I shook my head. "If she's still not feeling well she won't be at dinner so she won't know we're not there, and if she is there your mom can tell her."
He smiled. "Good enough." Then he turned the phone off, stashed it in his backpack, and held open the door to the far less busy café for me.
We had a wonderful dinner, the food as good as earlier but the atmosphere so much better, and we laughed and talked and reminisced and I didn't want it to end.
Eventually, though, we simply couldn't eat another bite, so we staggered out and he said, "Can I tell you what I want to do now?"
"Explode? Because that's all I'll be doing."
He laughed. "Not quite. Sit on the beach and watch the sun set on the waves. It's gorgeous this time of day." His eyes turned intense as he looked at me. "I'd love to show it to you, but if you'd rather go back, I understand."
I spoke without thinking. "I don't want to go back."

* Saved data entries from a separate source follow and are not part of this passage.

lemma semioval_hermitian_affine_subset:
  fixes A :: "('a \<times> 'a) set" and C :: "'a set"
  assumes A: "A \<subseteq> hermitian_affine q" "A \<noteq> {}"
    and outside_C: "\<And>x y. (x, y) \<in> hermitian_affine q \<Longrightarrow> x \<notin> C \<Longrightarrow> (x, y) \<in> A"
    and "card C < q"
    and no_single: "\<And>x. card {y. (x, y) \<in> A} \<noteq> 1"
  shows "semioval (affine_point ` A)"
proof -
  let ?S = "affine_point ` A"
  have on_S: "affine_point p \<in> ?S \<longleftrightarrow> p \<in> A" for p
    by (rule inj_image_mem_iff) (simp add: inj_def)
  have "\<exists>!t. t \<in> PG_lines \<and> ?S \<inter> t = {P}" if "P \<in> ?S" for P
  proof -
    obtain p where p: "P = affine_point p" "p \<in> A" using \<open>P \<in> ?S\<close> by (rule imageE)
    obtain a b where "p = (a, b)" by (cases p)
    with p have ab: "P = affine_point (a, b)" "(a, b) \<in> A" by simp_all
    with A(1) have ab_on_curve: "(a, b) \<in> hermitian_affine q" by blast
    show ?thesis
      unfolding ab(1)
    proof (rule ex1_tangent_at_affine_point)
      show "?S \<subseteq> hermitian_curve q"
        using A(1) by (rule affine_points_subset_hermitian_curve)
      show "affine_point (a, b) \<in> ?S" using ab(2) by (simp only: on_S)
      show "(a, b) \<in> hermitian_affine q" by (rule ab_on_curve)
    next
      have "{y. (a, y) \<in> A} \<noteq> {b}" using no_single[of a] by (intro notI) simp
      with ab(2) obtain b' where "b' \<noteq> b" "(a, b') \<in> A" by blast
      then show "\<exists>X \<in> ?S \<inter> vertical_line a. X \<noteq> affine_point (a, b)"
        by (intro bexI[of _ "affine_point (a, b')"]) (simp_all add: on_S)
    next
      fix m
      assume "m \<noteq> - (a ^ q)"
      with ab_on_curve obtain x
        where x: "x \<noteq> a" "x \<notin> C" "(x, b + m * (x - a)) \<in> hermitian_affine q"
        using \<open>card C < q\<close> by (rule hermitian_secant_point_outside)
      then have "(x, b + m * (x - a)) \<in> A" by (intro outside_C)
      with x(1) show "\<exists>X \<in> ?S \<inter> affine_line a b m. X \<noteq> affine_point (a, b)"
        by (intro bexI[of _ "affine_point (x, b + m * (x - a))"]) (simp_all add: on_S)
    qed
  qed
  moreover have "?S \<subseteq> PG_points" by (auto simp: affine_point_in_PG_points)
  moreover have "?S \<noteq> {}" using A(2) by simp
  ultimately show ?thesis unfolding semioval_def by simp
qed
text \<open>The solid angle function is continuous, by dominated convergence with the constant
  bound of the kernel.\<close>
lemma continuous_solid_angle: "continuous_on UNIV (solid_angle \<Omega> h)"
proof (rule continuous_on_sequentiallyI)
  fix x :: "nat \<Rightarrow> real^2" and a
  assume x: "x \<longlonglongrightarrow> a"
  have kernel_isCont: "isCont (solid_angle_kernel h) v" for v :: "real^2"
    using continuous_on_solid_angle_kernel[OF continuous_on_id h, of "UNIV :: (real^2) set"]
    by (simp add: continuous_on_eq_continuous_at)
  have "(\<lambda>n. integral \<Omega> (\<lambda>y. solid_angle_kernel h (y - x n)))
        \<longlonglongrightarrow> integral \<Omega> (\<lambda>y. solid_angle_kernel h (y - a))"
  proof (rule dominated_convergence(2)[where h="\<lambda>_. h / (h\<^sup>2) powr (3/2)"])
    show "(\<lambda>_. h / (h\<^sup>2) powr (3/2)) integrable_on \<Omega>"
      using compact by (intro integrable_continuous_compact continuous_intros)
    show "norm (solid_angle_kernel h (y - x n)) \<le> h / (h\<^sup>2) powr (3/2)" for n y
      using solid_angle_kernel_pos[OF h, of "y - x n"] solid_angle_kernel_le[OF h, of "y - x n"]
      by simp
    show "(\<lambda>n. solid_angle_kernel h (y - x n)) \<longlonglongrightarrow> solid_angle_kernel h (y - a)" for y
      by (rule isCont_tendsto_compose[OF kernel_isCont]) (intro tendsto_intros x)
  qed (rule integrable_solid_angle_kernel)
  then show "(\<lambda>n. solid_angle \<Omega> h (x n)) \<longlonglongrightarrow> solid_angle \<Omega> h a"
    by (simp add: solid_angle_eq_kernel_integral)
qed

lemma solid_angle_strict_closer:
  assumes interior: "interior \<Omega> \<noteq> {}"
    and closer: "\<And>y. y \<in> \<Omega> \<Longrightarrow> norm (y - p) < norm (y - x)"
  shows "solid_angle \<Omega> h x < solid_angle \<Omega> h p"
  unfolding solid_angle_eq_kernel_integral
  using compact interior h closer
  by (intro integral_strict_mono_compact solid_angle_kernel_strict_decreasing continuous_intros)

lemma solid_angle_midpoint_strict:
  assumes interior: "interior \<Omega> \<noteq> {}" and "a \<noteq> b"
    and near: "\<And>y. y \<in> \<Omega> \<Longrightarrow> norm (y - a) \<le> h/2 \<and> norm (y - b) \<le> h/2"
  shows "solid_angle \<Omega> h a + solid_angle \<Omega> h b < 2 * solid_angle \<Omega> h (midpoint a b)"
proof -
  have "integral \<Omega> (\<lambda>y. solid_angle_kernel h (y - a) + solid_angle_kernel h (y - b))
        < integral \<Omega> (\<lambda>y. 2 * solid_angle_kernel h (y - midpoint a b))"
    using compact interior h \<open>a \<noteq> b\<close> near
    by (intro integral_strict_mono_compact solid_angle_kernel_midpoint_strict continuous_intros)
      auto
  then show ?thesis
    by (simp add: solid_angle_eq_kernel_integral integral_add integrable_solid_angle_kernel)
qed
lemma measurable_next_hist:
  assumes pol: "pol \<in> policies prem N" and n: "n < N"
    and H: "H \<in> A \<rightarrow>\<^sub>M restrict_space (hist_space n) (adm_hist prem n)"
    and K: "K \<in> borel_measurable A"
  shows "(\<lambda>a. next_hist pol n (H a) (K a)) \<in> A \<rightarrow>\<^sub>M restrict_space (hist_space (Suc n)) (adm_hist prem (Suc n))"
proof -
  have H1: "H \<in> A \<rightarrow>\<^sub>M hist_space n" and H2: "\<forall>a\<in>space A. H a \<in> adm_hist prem n"
    using H unfolding measurable_restrict_space2_iff Pi_def by blast+
  have ext: "fst (H a) \<in> extensional {..n}" "snd (H a) \<in> extensional {..<n}" if "a \<in> space A" for a
    using H2 that unfolding adm_hist_def space_hist_space by auto
  have act: "(\<lambda>a. pol n (H a)) \<in> A \<rightarrow>\<^sub>M borel"
    using H policiesD(1)[OF pol n] by (rule measurable_compose)
  have "(\<lambda>a. (fst (H a))(Suc n := K a)) \<in> A \<rightarrow>\<^sub>M (\<Pi>\<^sub>M k\<in>{..Suc n}. borel)"
  proof (rule measurable_PiM_single'[where f="\<lambda>i a. ((fst (H a))(Suc n := K a)) i"])
    fix i assume "i \<in> {..Suc n}"
    thus "(\<lambda>a. ((fst (H a))(Suc n := K a)) i) \<in> borel_measurable A"
      using K measurable_hist_state[OF H1, of i] by (cases "i = Suc n") auto
  next
    show "(\<lambda>a. (fst (H a))(Suc n := K a)) \<in> space A \<rightarrow> (\<Pi>\<^sub>E k\<in>{..Suc n}. space borel)"
      using extensional_fun_upd[OF ext(1)] by (auto simp: PiE_def atMost_Suc)
  qed
  moreover have "(\<lambda>a. (snd (H a))(n := pol n (H a))) \<in> A \<rightarrow>\<^sub>M (\<Pi>\<^sub>M k\<in>{..<Suc n}. borel)"
  proof (rule measurable_PiM_single'[where f="\<lambda>i a. ((snd (H a))(n := pol n (H a))) i"])
    fix i assume "i \<in> {..<Suc n}"
    thus "(\<lambda>a. ((snd (H a))(n := pol n (H a))) i) \<in> borel_measurable A"
      using act measurable_hist_action[OF H1, of i] by (cases "i = n") auto
  next
    show "(\<lambda>a. (snd (H a))(n := pol n (H a))) \<in> space A \<rightarrow> (\<Pi>\<^sub>E k\<in>{..<Suc n}. space borel)"
      using extensional_fun_upd[OF ext(2)] by (auto simp: PiE_def lessThan_Suc)
  qed
  ultimately have "(\<lambda>a. next_hist pol n (H a) (K a)) \<in> A \<rightarrow>\<^sub>M hist_space (Suc n)"
    unfolding hist_space_def next_hist_def by (rule measurable_Pair)
  thus ?thesis using next_hist_adm[OF pol n] H2 unfolding measurable_restrict_space2_iff Pi_def by blast
qed

lemma polval_rem_Suc:
  "polval_rem rho prem Y z \<beta> (Suc m) pol n h = VaR M (\<alpha> n) (\<lambda>\<omega>. pol n h (Y (Suc n) \<omega>) + prem n (pol n h)
     - z (Suc n) - fst h n + \<beta> * polval_rem rho prem Y z \<beta> m pol (Suc n)
       (next_hist pol n h (fst h n + z (Suc n) - pol n h (Y (Suc n) \<omega>) - prem n (pol n h))))"
  by (simp add: Let_def next_hist_def)

lemma borel_measurable_policy_action:
  assumes pol: "pol \<in> policies prem N" and n: "n < N"
  defines "A \<equiv> restrict_space (hist_space n) (adm_hist prem n) \<Otimes>\<^sub>M M"
  shows "(\<lambda>p. pol n (fst p) (Y (Suc n) (snd p))) \<in> borel_measurable A"
    and "(\<lambda>p. prem n (pol n (fst p))) \<in> borel_measurable A"
proof -
  have "(\<lambda>p. pol n (fst p)) \<in> A \<rightarrow>\<^sub>M borel"
    unfolding A_def using measurable_fst policiesD(1)[OF pol n] by (rule measurable_compose)
  hence eval: "(\<lambda>p. pol n (fst p) t) \<in> borel_measurable A" for t
    by (rule borel_measurable_apply)
  have act_Fset: "pol n (fst p) \<in> Fset" if "p \<in> space A" for p
    using policiesD(2)[OF pol n] that
    by (auto simp: A_def space_pair_measure space_restrict_space adm_actions_def)
  show "(\<lambda>p. pol n (fst p) (Y (Suc n) (snd p))) \<in> borel_measurable A"
    by (rule borel_measurable_continuous_param_compose)
       (use eval act_Fset continuous_on_Fset Y_borel[OF n] in \<open>auto simp: A_def\<close>)
  show "(\<lambda>p. prem n (pol n (fst p))) \<in> borel_measurable A"
    by (rule borel_measurable_prem_param[OF n eval act_Fset])
qed

lemma borel_measurable_polval_rem:
  assumes pol: "pol \<in> policies prem N"
  shows "n + m \<le> N \<Longrightarrow>
    (\<lambda>h. polval_rem rho prem Y z \<beta> m pol n h)
      \<in> borel_measurable (restrict_space (hist_space n) (adm_hist prem n))"
proof (induction m arbitrary: n)
  case 0
  have "polval_rem rho prem Y z \<beta> 0 pol n = (\<lambda>h. 0)" by auto
  thus ?case by simp
next
  case (Suc m)
  have n: "n < N" using Suc.prems by simp
  let ?A = "restrict_space (hist_space n) (adm_hist prem n)"
  note [measurable] = borel_measurable_policy_action[OF pol n]
  have [measurable]: "(\<lambda>p. fst (fst p) n) \<in> borel_measurable (?A \<Otimes>\<^sub>M M)"
    using measurable_fst borel_measurable_current_state[OF order.refl] by (rule measurable_compose)
  define K where "K p = fst (fst p) n + z (Suc n) - pol n (fst p) (Y (Suc n) (snd p)) - prem n (pol n (fst p))"
    for p
  have "K \<in> borel_measurable (?A \<Otimes>\<^sub>M M)" unfolding K_def[abs_def] by measurable
  hence "(\<lambda>p. next_hist pol n (fst p) (K p))
      \<in> ?A \<Otimes>\<^sub>M M \<rightarrow>\<^sub>M restrict_space (hist_space (Suc n)) (adm_hist prem (Suc n))"
    by (rule measurable_next_hist[OF pol n measurable_fst])
  moreover have "(\<lambda>h. polval_rem rho prem Y z \<beta> m pol (Suc n) h)
      \<in> borel_measurable (restrict_space (hist_space (Suc n)) (adm_hist prem (Suc n)))"
    using Suc.IH[of "Suc n"] Suc.prems by simp
  ultimately have [measurable]: "(\<lambda>p. polval_rem rho prem Y z \<beta> m pol (Suc n) (next_hist pol n (fst p) (K p)))
      \<in> borel_measurable (?A \<Otimes>\<^sub>M M)"
    by (rule measurable_compose)
  define X where "X p = pol n (fst p) (Y (Suc n) (snd p)) + prem n (pol n (fst p)) - z (Suc n)
      - fst (fst p) n + \<beta> * polval_rem rho prem Y z \<beta> m pol (Suc n) (next_hist pol n (fst p) (K p))" for p
  have "X \<in> borel_measurable (?A \<Otimes>\<^sub>M M)" unfolding X_def[abs_def] by measurable
  hence "(\<lambda>h. VaR M (\<alpha> n) (\<lambda>\<omega>. X (h, \<omega>))) \<in> borel_measurable ?A"
    by (rule borel_measurable_VaR_param[OF _ alpha_pos[OF n] alpha_less_1[OF n]])
  thus ?case unfolding polval_rem_Suc X_def K_def by simp
qed

lemma stage_loss_qlev_le_VaR:
  assumes n: "n < N" and f: "f \<in> Fset" and J: "antimono J" "lsc_from_right J"
    and X: "X \<in> borel_measurable M" and le: "\<forall>\<omega>\<in>space M. stage_loss n f J x (Y (Suc n) \<omega>) \<le> X \<omega>"
  shows "stage_loss n f J x (qlev n) \<le> VaR M (\<alpha> n) X"
  unfolding qlev_eq_VaR
proof (rule VaR_ge_comp[OF Y_borel[OF n] alpha_pos[OF n] alpha_less_1[OF n] Y_ge_0[OF n] X le])
  show "mono_on {0..} (stage_loss n f J x)"
    unfolding stage_loss_eq using mono_on_stage_loss[OF f J(1)] beta_pos by simp
  show "\<exists>y0<VaR M (\<alpha> n) (Y (Suc n)). \<forall>y. y0 < y \<and> y \<le> VaR M (\<alpha> n) (Y (Suc n)) \<longrightarrow> c < stage_loss n f J x y"
    if "c < stage_loss n f J x (VaR M (\<alpha> n) (Y (Suc n)))" for c
    using that stage_loss_lsc_from_left[OF f J(2) beta_pos] unfolding stage_loss_eq by simp
qed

He smiled and put his hand on my back to guide me forward.
Long after we settled on
to the sand I could still feel where he'd touched me, the skin alive and blazing in the shape of his hand. I knew I should be going back to the ship, should be getting away from him and what was happening between us, but I couldn't do it. It felt like our old times together had returned, and I couldn't bear the idea of missing a second.
The sun set, a riot of glorious colors on the ocean, and still we sat together watching the waves, now illuminated by moonlight. We hadn't spoken for ages but I'd never felt closer to someone than I did to him.
After a long while, I heard him take a deeper breath than usual and dreaded what he'd say. To my delight, though, he simply said, "Want to walk along the beach a ways?"
"Sure," I said, trying to sound casual. "Might as well, right? Since we're here."
He got to his feet, and said, "Right," as he held out his hand to help me up.
I took it, and knew at once that there was nothing casual about the way touching him felt.
We let go once I was on my feet, but I couldn't believe how little I wanted to. Again I tried to convince myself to get away before everything I'd dreamed of, my upcoming wedding and my life with a smart stable man, fell apart, but I couldn't. I'd always wondered why people let themselves drift into situations where they risked their marriages or relationships, why they let passion overwhelm their common sense, but now I knew that some situations just felt too good to leave.
We stuffed our sandals into our backpacks and walked the beach, slowly, sometimes wading in the still-warm shallow water and sometimes digging our bare feet into the sand, and at one point we got a little too close together and our hands bumped.
Then our fingers intertwined. I didn't know how it happened, hadn't intended it, but once we were holding hands it didn't even cross my mind to let go. It felt too good. It felt like coming home.
Barely speaking, we kept walking up and down the beach. Eventually, a thought struck me and I giggled.
He turned to me. "What?"
"I just thought of Larry and Lizzie. If they were on the beach here, they'd be walking up and down too because they don't know what to do."